definition nu_q :: "nat \<Rightarrow> nat \<Rightarrow> nat \<Rightarrow> (nat \<Rightarrow> nat \<Rightarrow> real) \<Rightarrow> (nat \<Rightarrow> real) \<Rightarrow> nat set \<Rightarrow> real" where
  "nu_q n q N x \<alpha> A = Max ((\<lambda>k. eps_op (gamma n x k A) (max (\<alpha> k - nabla_q n q N x \<alpha>) 0)) ` {1..N})"

definition fit_error :: "nat \<Rightarrow> nat \<Rightarrow> (nat \<Rightarrow> nat \<Rightarrow> real) \<Rightarrow> (nat \<Rightarrow> real) \<Rightarrow> (nat set \<Rightarrow> real) \<Rightarrow> real" where
  "fit_error n N x \<alpha> \<mu> = Max ((\<lambda>k. \<bar>sugeno n \<mu> (x k) - \<alpha> k\<bar>) ` {1..N})"

end

theory Submission
  imports Defs
begin

(* Lower bound: if a q-minitive capacity \<mu> fits every example within \<epsilon>, then for
   each example i there is a proper set A with |A| \<ge> n - q such that both \<gamma>(i,A) and \<mu>(A)
   are at most S = S\<^sub>\<mu>(x\<^sup>i): take the set of criteria where x\<^sup>i exceeds S and, if it is too
   small, a large superset of the same capacity provided by q-minitivity. Together with
   S\<^sub>\<mu>(x) \<le> max(\<gamma>\<^sub>A(x), \<mu>(A)) this gives \<nabla>(i,A) \<le> \<epsilon>.

   Upper bound: take \<nu>\<^sub>q on the large proper sets, 1 on the whole criteria set, and extend
   q-minitively to the small sets; the null set of the hypothesis makes the result vanish at the
   empty set. Each example k is then fitted within \<nabla>\<^sub>q: from above through a set realising
   \<nabla>\<^sub>k, from below because \<nu>\<^sub>q \<ge> \<alpha>\<^sub>k - \<nabla>\<^sub>q on every large set avoiding the level set
   {j. x\<^sup>k\<^sub>j \<ge> \<alpha>\<^sub>k - \<nabla>\<^sub>q}. *)

lemma sugeno_eq_Max_image:
  "sugeno n \<mu> x = Max ((\<lambda>A. min (min_on x A) (\<mu> A)) ` Pow {1..n})"
  unfolding sugeno_def by (rule arg_cong[where f = Max]) auto

lemma sugeno_ge:
  assumes "B \<subseteq> {1..n}"
  shows "min (min_on x B) (\<mu> B) \<le> sugeno n \<mu> x"
  unfolding sugeno_eq_Max_image using assms by (intro Max_ge) auto

lemma sugeno_le:
  assumes "\<And>B. B \<subseteq> {1..n} \<Longrightarrow> min (min_on x B) (\<mu> B) \<le> c"
  shows "sugeno n \<mu> x \<le> c"
  unfolding sugeno_eq_Max_image using assms by (subst Max_le_iff) auto

lemma sugeno_nonneg:
  assumes "\<mu> {} = 0"
  shows "0 \<le> sugeno n \<mu> x"
  using sugeno_ge[of "{}" n x \<mu>] assms by (simp add: min_on_def)

lemma sugeno_ge_level:
  assumes "t \<le> 1" "t \<le> \<mu> {j\<in>{1..n}. t \<le> x j}"
  shows "t \<le> sugeno n \<mu> x"
proof -
  let ?B = "{j\<in>{1..n}. t \<le> x j}"
  have "t \<le> min_on x ?B"
    using assms(1) by (auto simp: min_on_def Min_ge_iff)
  moreover have "min (min_on x ?B) (\<mu> ?B) \<le> sugeno n \<mu> x"
    by (rule sugeno_ge) auto
  ultimately show ?thesis
    using assms(2) by (meson min.boundedI order_trans)
qed

lemma sugeno_le_max_gamma:
  assumes mono: "\<And>B. B \<subseteq> A \<Longrightarrow> \<mu> B \<le> \<mu> A" and A: "A \<subset> {1..n}"
  shows "sugeno n \<mu> (x k) \<le> max (gamma n x k A) (\<mu> A)"
proof (rule sugeno_le)
  fix B assume B: "B \<subseteq> {1..n}"
  show "min (min_on (x k) B) (\<mu> B) \<le> max (gamma n x k A) (\<mu> A)"
  proof (cases "B \<subseteq> A")
    case True
    then show ?thesis by (intro min.coboundedI2 max.coboundedI2 mono)
  next
    case False
    then obtain j where j: "j \<in> B" "j \<notin> A" by auto
    have "min_on (x k) B \<le> x k j"
      using j B by (auto simp: min_on_def intro!: Min_le finite_subset[OF B])
    also have "\<dots> \<le> gamma n x k A"
      unfolding gamma_def using j B by (intro Max_ge) auto
    finally show ?thesis by linarith
  qed
qed

lemma capacity_level_set_le_sugeno:
  assumes "capacity n \<mu>"
  shows "\<mu> {j\<in>{1..n}. sugeno n \<mu> x < x j} \<le> sugeno n \<mu> x"
proof -
  let ?S = "sugeno n \<mu> x" and ?B = "{j\<in>{1..n}. sugeno n \<mu> x < x j}"
  show ?thesis
  proof (cases "?B = {}")
    case True
    have "\<mu> {} = 0" using assms by (simp add: capacity_def)
    then show ?thesis using True sugeno_nonneg[of \<mu> n x] by metis
  next
    case False
    then have "?S < min_on x ?B" by (auto simp: min_on_def)
    moreover have "min (min_on x ?B) (\<mu> ?B) \<le> ?S"
      by (rule sugeno_ge) auto
    ultimately show ?thesis by linarith
  qed
qed

lemma gamma_le:
  assumes "A \<subset> {1..n}" "\<And>j. j \<in> {1..n} \<Longrightarrow> j \<notin> A \<Longrightarrow> x k j \<le> c"
  shows "gamma n x k A \<le> c"
  unfolding gamma_def using assms by (subst Max_le_iff) auto

lemma gamma_less:
  assumes "A \<subset> {1..n}" "\<And>j. j \<in> {1..n} \<Longrightarrow> j \<notin> A \<Longrightarrow> x k j < c"
  shows "gamma n x k A < c"
  unfolding gamma_def using assms by (subst Max_less_iff) auto

lemma gamma_antimono:
  assumes "A \<subseteq> B" "B \<subset> {1..n}"
  shows "gamma n x k B \<le> gamma n x k A"
  using assms unfolding gamma_def by (intro Max_mono) auto

lemma q_minitive_attained:
  assumes "q_minitive n q \<mu>" "X \<subseteq> {1..n}" "card X < n - q"
  obtains Y where "X \<subset> Y" "Y \<subseteq> {1..n}" "n - q \<le> card Y" "\<mu> Y = \<mu> X"
proof -
  let ?S = "{\<mu> Y | Y. X \<subset> Y \<and> Y \<subseteq> {1..n} \<and> n - q \<le> card Y}"
  have "finite ?S"
    by (rule finite_subset[of _ "\<mu> ` Pow {1..n}"]) auto
  moreover have "X \<noteq> {1..n}"
    using assms(3) by auto
  then have "\<mu> {1..n} \<in> ?S"
    using assms(2) by auto
  ultimately have "Min ?S \<in> ?S"
    by (intro Min_in) auto
  moreover have "\<mu> X = Min ?S"
    using assms unfolding q_minitive_def by blast
  ultimately show ?thesis
    using that by (smt (verit) mem_Collect_eq)
qed

lemma Diff_last_large_proper_subset:
  assumes "1 \<le> q" "q \<le> n"
  shows "{1..n} - {n} \<subset> {1..n}" "n - q \<le> card ({1..n} - {n})"
proof -
  have "n \<in> {1..n}"
    using assms by simp
  then show "{1..n} - {n} \<subset> {1..n}"
    by blast
  from \<open>n \<in> {1..n}\<close> have "card ({1..n} - {n}) = n - 1"
    by simp
  then show "n - q \<le> card ({1..n} - {n})"
    using assms(1) by linarith
qed

lemma large_set_below_sugeno:
  assumes cap: "capacity n \<mu>" and qm: "q_minitive n q \<mu>"
    and x_le_1: "\<forall>i\<in>{1..n}. x k i \<le> 1" and q: "1 \<le> q" "q \<le> n"
  obtains A where "A \<subset> {1..n}" "n - q \<le> card A"
    "gamma n x k A \<le> sugeno n \<mu> (x k)" "\<mu> A \<le> sugeno n \<mu> (x k)"
proof -
  define S where "S = sugeno n \<mu> (x k)"
  have \<mu>_le_1: "\<mu> A \<le> 1" if "A \<subseteq> {1..n}" for A
    using cap that unfolding capacity_def by blast
  consider "1 \<le> S" | "S < 1" by linarith
  then show ?thesis
  proof cases
    case 1
    let ?A = "{1..n} - {n}"
    note Diff_last_large_proper_subset[OF q]
    moreover have "gamma n x k ?A \<le> S"
      using 1 x_le_1 \<open>?A \<subset> {1..n}\<close> by (intro gamma_le) auto
    moreover have "\<mu> ?A \<le> S"
      using 1 \<mu>_le_1[of ?A] by auto
    ultimately show ?thesis
      using that unfolding S_def by blast
  next
    case 2
    define A0 where "A0 = {j\<in>{1..n}. S < x k j}"
    have "A0 \<subseteq> {1..n}"
      unfolding A0_def by blast
    have \<mu>A0: "\<mu> A0 \<le> S"
      unfolding A0_def S_def by (rule capacity_level_set_le_sugeno[OF cap])
    have proper: "Y \<subset> {1..n}" if "Y \<subseteq> {1..n}" "\<mu> Y \<le> S" for Y
      using that 2 cap unfolding capacity_def by auto
    have gamma_le_S: "gamma n x k Y \<le> S" if "A0 \<subseteq> Y" "Y \<subset> {1..n}" for Y
      using that by (intro gamma_le) (auto simp: A0_def)
    show ?thesis
    proof (cases "n - q \<le> card A0")
      case True
      have "A0 \<subset> {1..n}"
        using proper[OF \<open>A0 \<subseteq> {1..n}\<close> \<mu>A0] .
      with True \<mu>A0 gamma_le_S[of A0] show ?thesis
        unfolding S_def by (intro that) auto
    next
      case False
      then have "card A0 < n - q"
        by linarith
      then obtain Y where Y: "A0 \<subset> Y" "Y \<subseteq> {1..n}" "n - q \<le> card Y" "\<mu> Y = \<mu> A0"
        by (rule q_minitive_attained[OF qm \<open>A0 \<subseteq> {1..n}\<close>])
      then have "Y \<subset> {1..n}"
        using proper \<mu>A0 by simp
      then show ?thesis
        using that[OF _ Y(3)] gamma_le_S[of Y] Y(1,4) \<mu>A0 unfolding S_def by auto
    qed
  qed
qed

lemma finite_large_subsets: "finite {A. A \<subset> {1..n} \<and> n - q \<le> card A}"
  by (rule finite_subset[of _ "Pow {1..n}"]) auto

lemma nabla_i_le:
  assumes "A \<subset> {1..n}" "n - q \<le> card A"
  shows "nabla_i n q N x \<alpha> i \<le> nabla_iA n N x \<alpha> i A"
  unfolding nabla_i_def using assms finite_large_subsets by (intro Min_le) auto

lemma nabla_i_attained:
  assumes "1 \<le> q" "q \<le> n"
  obtains A where "A \<subset> {1..n}" "n - q \<le> card A" "nabla_iA n N x \<alpha> i A = nabla_i n q N x \<alpha> i"
proof -
  let ?L = "{A. A \<subset> {1..n} \<and> n - q \<le> card A}"
  have "{1..n} - {n} \<in> ?L"
    using Diff_last_large_proper_subset[OF assms] by blast
  then have "nabla_i n q N x \<alpha> i \<in> (\<lambda>A. nabla_iA n N x \<alpha> i A) ` ?L"
    unfolding nabla_i_def using finite_large_subsets by (intro Min_in) auto
  then obtain A where "A \<in> ?L" "nabla_i n q N x \<alpha> i = nabla_iA n N x \<alpha> i A"
    by blast
  then show ?thesis
    using that[of A] by simp
qed

lemma nabla_i_le_nabla_q:
  assumes "i \<in> {1..N}"
  shows "nabla_i n q N x \<alpha> i \<le> nabla_q n q N x \<alpha>"
  unfolding nabla_q_def using assms by (intro Max_ge) auto

lemma nabla_q_nonneg:
  assumes "1 \<le> N" "1 \<le> q" "q \<le> n"
  shows "0 \<le> nabla_q n q N x \<alpha>"
proof -
  obtain A where "nabla_iA n N x \<alpha> 1 A = nabla_i n q N x \<alpha> 1"
    using nabla_i_attained[OF assms(2,3)] by blast
  moreover have "0 \<le> nabla_iA n N x \<alpha> 1 A"
    unfolding nabla_iA_def pos_def by auto
  ultimately have "0 \<le> nabla_i n q N x \<alpha> 1"
    by simp
  also have "\<dots> \<le> nabla_q n q N x \<alpha>"
    using assms(1) by (intro nabla_i_le_nabla_q) simp
  finally show ?thesis .
qed

lemma sigma_eps_le:
  assumes "0 \<le> e" "b - e \<le> s" "s \<le> max g m" "m \<le> a + e"
  shows "sigma_eps a g b \<le> e"
proof (cases "s \<le> g")
  case True
  then have "pos (b - g) \<le> e"
    using assms unfolding pos_def by auto
  then show ?thesis
    unfolding sigma_eps_def by (simp add: min.coboundedI2)
next
  case False
  then have "pos (b - a) / 2 \<le> e"
    using assms unfolding pos_def by auto
  then show ?thesis
    unfolding sigma_eps_def by (simp add: min.coboundedI1)
qed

----

### Assignment:
Go line by line through the records and copy those that contain the word "blast".

### Written answer:
    using assms unfolding q_minitive_def by blast
    by blast
    using cap that unfolding capacity_def by blast
      using that unfolding S_def by blast
      unfolding A0_def by blast
    using Diff_last_large_proper_subset[OF assms] by blast
    by blast
    using nabla_i_attained[OF assms(2,3)] by blast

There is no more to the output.